Defendant argues that the FCRA does not permit Plaintiff to obtain equitable relief. (ECF No. 17 at 20 (citing 15 U.S.C. §§ 1681n, 1681o) (identifying the statutory relief available)).) Plaintiff responds that “district courts have inherent power to issue equitable relief,” and “ ‘[a]bsent the clearest command to the contrary from Congress, federal courts retain their power to issue injunctions in suits over which they have jurisdiction.’ ” (ECF No. 20 at 10 (quoting Califano v. Yamaski, 442 U.S. 682, 99 S. Ct. 2545 (1979)).) Plaintiff relies on a single case to support her contention, Andrews v. TransUnion Corp., 7 F. Supp. 2d 1056, 1084 (C.D. Cal. 1998), rev’d on other grounds sub nom. However, Plaintiff does not reference the many district court cases rejecting the Court’s view in Andrews. While the Ninth Circuit has not addressed whether a private party may obtain injunctive relief under the FCRA, courts in the Ninth Circuit consistently hold that a private party may not obtain injunctive relief under the FCRA. See e.g., Howard v. Blue Ridge Bank, 371 F. Supp. 2d 1139, 1145 (N.D. Cal. 2005) (rejecting Andrews decision and concluding that “the FCRA does clearly preclude injunctive relief”); see also Peterson v. Am. Express, No. CV-14-02056-PHX-GMS, 2016 WL 1158881, at *10 (D. Ariz. Mar. 23, 2016). The Court has discretion whether to grant equitable relief, and federal courts in this district consistently deny injunctive relief under the FCRA to private parties. The Court agrees with its sister courts, and dismisses without leave to amend Plaintiff’s individual request for injunctive relief.

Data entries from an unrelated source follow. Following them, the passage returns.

lemma peer_risk_cond_indep:
  fixes M :: "'a measure" and X :: "'a \<Rightarrow> 'x::topological_space" and Y W :: "'a \<Rightarrow> int"
    and f :: "'x \<Rightarrow> real" and l :: "real \<Rightarrow> int \<Rightarrow> real"
  assumes M: "prob_space M" and X: "X \<in> measurable M borel"
    and Y: "Y \<in> measurable M label_space" and W: "W \<in> measurable M label_space"
    and Y_vals: "\<And>\<omega>. \<omega> \<in> space M \<Longrightarrow> Y \<omega> \<in> {-1, 1}"
    and W_vals: "\<And>\<omega>. \<omega> \<in> space M \<Longrightarrow> W \<omega> \<in> {-1, 1}"
    and pos: "\<And>c. c \<in> {-1, 1} \<Longrightarrow> 0 < measure M {\<omega>\<in>space M. Y \<omega> = c}"
    and cond_indep: "\<And>A b c. A \<in> sets borel \<Longrightarrow>
          measure M {\<omega>\<in>space M. X \<omega> \<in> A \<and> W \<omega> = b \<and> Y \<omega> = c} * measure M {\<omega>\<in>space M. Y \<omega> = c}
          = measure M {\<omega>\<in>space M. X \<omega> \<in> A \<and> Y \<omega> = c} * measure M {\<omega>\<in>space M. W \<omega> = b \<and> Y \<omega> = c}"
    and g: "(\<lambda>z. l (f (fst z)) (snd z)) \<in> borel_measurable (borel \<Otimes>\<^sub>M label_space)"
    and int_prod: "integrable (distr M borel X \<Otimes>\<^sub>M distr M label_space W) (\<lambda>z. l (f (fst z)) (snd z))"
    and int_pos: "integrable M (\<lambda>\<omega>. l (f (X \<omega>)) 1)"
    and int_neg: "integrable M (\<lambda>\<omega>. l (f (X \<omega>)) (-1))"
  shows "peer_risk (distr M (borel \<Otimes>\<^sub>M label_space) (\<lambda>\<omega>. (X \<omega>, W \<omega>))) l f
       = cond_prob_gap M W 1 Y
         * (label_cov M (\<lambda>\<omega>. l (f (X \<omega>)) 1) Y 1 - label_cov M (\<lambda>\<omega>. l (f (X \<omega>)) (-1)) Y 1)"
proof -
  have cov: "label_cov M (\<lambda>\<omega>. l (f (X \<omega>)) v) W w
      = cond_prob_gap M W w Y * label_cov M (\<lambda>\<omega>. l (f (X \<omega>)) v) Y 1"
    if "integrable M (\<lambda>\<omega>. l (f (X \<omega>)) v)" for v w
    by (rule label_cov_cond_indep[OF M X Y W Y_vals pos cond_indep
          measurable_loss_slice[where l = l and f = f, OF g] that])
  have "cond_prob_gap M W (-1) Y = - cond_prob_gap M W 1 Y"
    by (rule cond_prob_gap_binary(2)[OF prob_space.finite_measure[OF M] Y W W_vals pos])
  moreover have "peer_risk (distr M (borel \<Otimes>\<^sub>M label_space) (\<lambda>\<omega>. (X \<omega>, W \<omega>))) l f
      = label_cov M (\<lambda>\<omega>. l (f (X \<omega>)) 1) W 1 + label_cov M (\<lambda>\<omega>. l (f (X \<omega>)) (-1)) W (-1)"
    by (rule peer_risk_eq_label_cov[OF M X W W_vals g int_prod int_pos int_neg])
  ultimately show ?thesis
    unfolding cov[OF int_pos] cov[OF int_neg] by (simp add: algebra_simps)
qed

theorem lemma2:
  fixes M :: "'a measure"
    and X :: "'a \<Rightarrow> real ^ 'd"
    and Y Yt :: "'a \<Rightarrow> int"
    and f :: "real ^ 'd \<Rightarrow> real"
    and l :: "real \<Rightarrow> int \<Rightarrow> real"
    and p e_pos e_neg :: real
  assumes M: "prob_space M"
    and X_meas: "X \<in> measurable M borel"
    and Y_meas: "Y \<in> measurable M label_space"
    and Yt_meas: "Yt \<in> measurable M label_space"
    and Y_vals: "\<And>\<omega>. \<omega> \<in> space M \<Longrightarrow> Y \<omega> \<in> {-1, 1}"
    and Yt_vals: "\<And>\<omega>. \<omega> \<in> space M \<Longrightarrow> Yt \<omega> \<in> {-1, 1}"
    and p_def: "p = measure M {\<omega> \<in> space M. Y \<omega> = 1}"
    and p_pos: "0 < p" and p_lt1: "p < 1"
    and e_pos_def: "e_pos = measure M {\<omega> \<in> space M. Yt \<omega> = -1 \<and> Y \<omega> = 1}
                             / measure M {\<omega> \<in> space M. Y \<omega> = 1}"
    and e_neg_def: "e_neg = measure M {\<omega> \<in> space M. Yt \<omega> = 1 \<and> Y \<omega> = -1}
                             / measure M {\<omega> \<in> space M. Y \<omega> = -1}"
    and cond_indep: "\<And>A b c. A \<in> sets borel \<Longrightarrow>
          measure M {\<omega> \<in> space M. X \<omega> \<in> A \<and> Yt \<omega> = b \<and> Y \<omega> = c}
            * measure M {\<omega> \<in> space M. Y \<omega> = c}
          = measure M {\<omega> \<in> space M. X \<omega> \<in> A \<and> Y \<omega> = c}
            * measure M {\<omega> \<in> space M. Yt \<omega> = b \<and> Y \<omega> = c}"
    and f_meas: "f \<in> borel_measurable borel"
    and l_nonneg: "\<And>t y. y \<in> {-1, 1} \<Longrightarrow> 0 \<le> l t y"
    and int_D: "integrable (distr M (borel \<Otimes>\<^sub>M label_space) (\<lambda>\<omega>. (X \<omega>, Y \<omega>)))
                  (\<lambda>z. l (f (fst z)) (snd z))"
    and int_D_prod: "integrable
                  (distr (distr M (borel \<Otimes>\<^sub>M label_space) (\<lambda>\<omega>. (X \<omega>, Y \<omega>))) borel fst
                   \<Otimes>\<^sub>M distr (distr M (borel \<Otimes>\<^sub>M label_space) (\<lambda>\<omega>. (X \<omega>, Y \<omega>))) label_space snd)
                  (\<lambda>z. l (f (fst z)) (snd z))"
    and int_Dt: "integrable (distr M (borel \<Otimes>\<^sub>M label_space) (\<lambda>\<omega>. (X \<omega>, Yt \<omega>)))
                  (\<lambda>z. l (f (fst z)) (snd z))"
    and int_Dt_prod: "integrable
                  (distr (distr M (borel \<Otimes>\<^sub>M label_space) (\<lambda>\<omega>. (X \<omega>, Yt \<omega>))) borel fst
                   \<Otimes>\<^sub>M distr (distr M (borel \<Otimes>\<^sub>M label_space) (\<lambda>\<omega>. (X \<omega>, Yt \<omega>))) label_space snd)
                  (\<lambda>z. l (f (fst z)) (snd z))"
  shows "peer_risk (distr M (borel \<Otimes>\<^sub>M label_space) (\<lambda>\<omega>. (X \<omega>, Yt \<omega>))) l f
         = (1 - e_neg - e_pos) * peer_risk (distr M (borel \<Otimes>\<^sub>M label_space) (\<lambda>\<omega>. (X \<omega>, Y \<omega>))) l f"
proof -
  interpret prob_space M by fact
  note [measurable] = X_meas Y_meas Yt_meas
  have g: "(\<lambda>z. l (f (fst z)) (snd z)) \<in> borel_measurable (borel \<Otimes>\<^sub>M label_space)"
    using borel_measurable_integrable[OF int_D] by simp
  have pos: "0 < measure M {\<omega>\<in>space M. Y \<omega> = c}" if "c \<in> {-1, 1}" for c
    using that p_pos p_lt1 prob_label_neg[OF M Y_meas Y_vals] by (auto simp: p_def)
  \<comment> \<open>Both classes have positive probability.\<close>
  have int_slice: "integrable M (\<lambda>\<omega>. l (f (X \<omega>)) v)" if "v \<in> {-1, 1}" for v
    using integrable_comp_slice_marginals[OF M X_meas Y_meas _ pos[OF that],
        where g = "\<lambda>z. l (f (fst z)) (snd z)"] int_D_prod
    by (simp add: distr_distr_Pair_fst distr_distr_Pair_snd)
  have Y_self_indep:
    "measure M {\<omega>\<in>space M. X \<omega> \<in> A \<and> Y \<omega> = b \<and> Y \<omega> = c} * measure M {\<omega>\<in>space M. Y \<omega> = c}
     = measure M {\<omega>\<in>space M. X \<omega> \<in> A \<and> Y \<omega> = c} * measure M {\<omega>\<in>space M. Y \<omega> = b \<and> Y \<omega> = c}"
    for A b c
    by (cases "b = c") (simp_all cong: conj_cong)
  define \<Delta> where
    "\<Delta> = label_cov M (\<lambda>\<omega>. l (f (X \<omega>)) 1) Y 1 - label_cov M (\<lambda>\<omega>. l (f (X \<omega>)) (-1)) Y 1"
  have "peer_risk (distr M (borel \<Otimes>\<^sub>M label_space) (\<lambda>\<omega>. (X \<omega>, Y \<omega>))) l f
      = cond_prob_gap M Y 1 Y * \<Delta>"
    unfolding \<Delta>_def using int_D_prod
    by (intro peer_risk_cond_indep[OF M X_meas Y_meas Y_meas Y_vals Y_vals pos Y_self_indep g _
          int_slice int_slice])
       (simp_all add: distr_distr_Pair_fst distr_distr_Pair_snd)
  moreover have "peer_risk (distr M (borel \<Otimes>\<^sub>M label_space) (\<lambda>\<omega>. (X \<omega>, Yt \<omega>))) l f
      = cond_prob_gap M Yt 1 Y * \<Delta>"
    unfolding \<Delta>_def using int_Dt_prod
    by (intro peer_risk_cond_indep[OF M X_meas Y_meas Yt_meas Y_vals Yt_vals pos cond_indep g _
          int_slice int_slice])
       (simp_all add: distr_distr_Pair_fst distr_distr_Pair_snd)
  moreover have "cond_prob_gap M Y 1 Y = 1"
    using cond_prob_gap_binary(1)[OF finite_measure_axioms Y_meas Y_meas Y_vals pos]
    by (simp cong: conj_cong)
  moreover have "cond_prob_gap M Yt 1 Y = 1 - e_neg - e_pos"
    using cond_prob_gap_binary(1)[OF finite_measure_axioms Y_meas Yt_meas Yt_vals pos]
    by (simp add: e_pos_def e_neg_def)
  ultimately show ?thesis
    by simp
qed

Finally, the District Court found that punitive damages are not available for a negligent violation of the FCRA.
Defendant argues that “statutory and punitive damages are not available for negligent violations of the FCRA.” (ECF No. 17 at 20 (citing Safeco Ins. Co. of Am. v. Burr, 551 U.S. 47, 53 (2007); Ashby v. Farmers Ins. Co. of Or., 565 F. Supp. 2d 1188, 1204 (D. Or. 2008); 15 U.S.C. § 1681n).) Plaintiff fails to respond to this argument. (See generally ECF No. 21.) An affected consumer may not recover statutory and punitive damages for a negligent, as opposed to a willful, violation of the FCRA. Safeco, 551 U.S. at 53; 15 U.S.C. §§ 1681o(a) (listing damages for negligent violations), 1681n(a)(1)–(a)(2) (listing damages for willful violations). Thus, the Court grants without leave to amend Defendant’s Motion to Dismiss Plaintiff’s request for statutory and punitive damages for a negligent violation of § 1681i(a).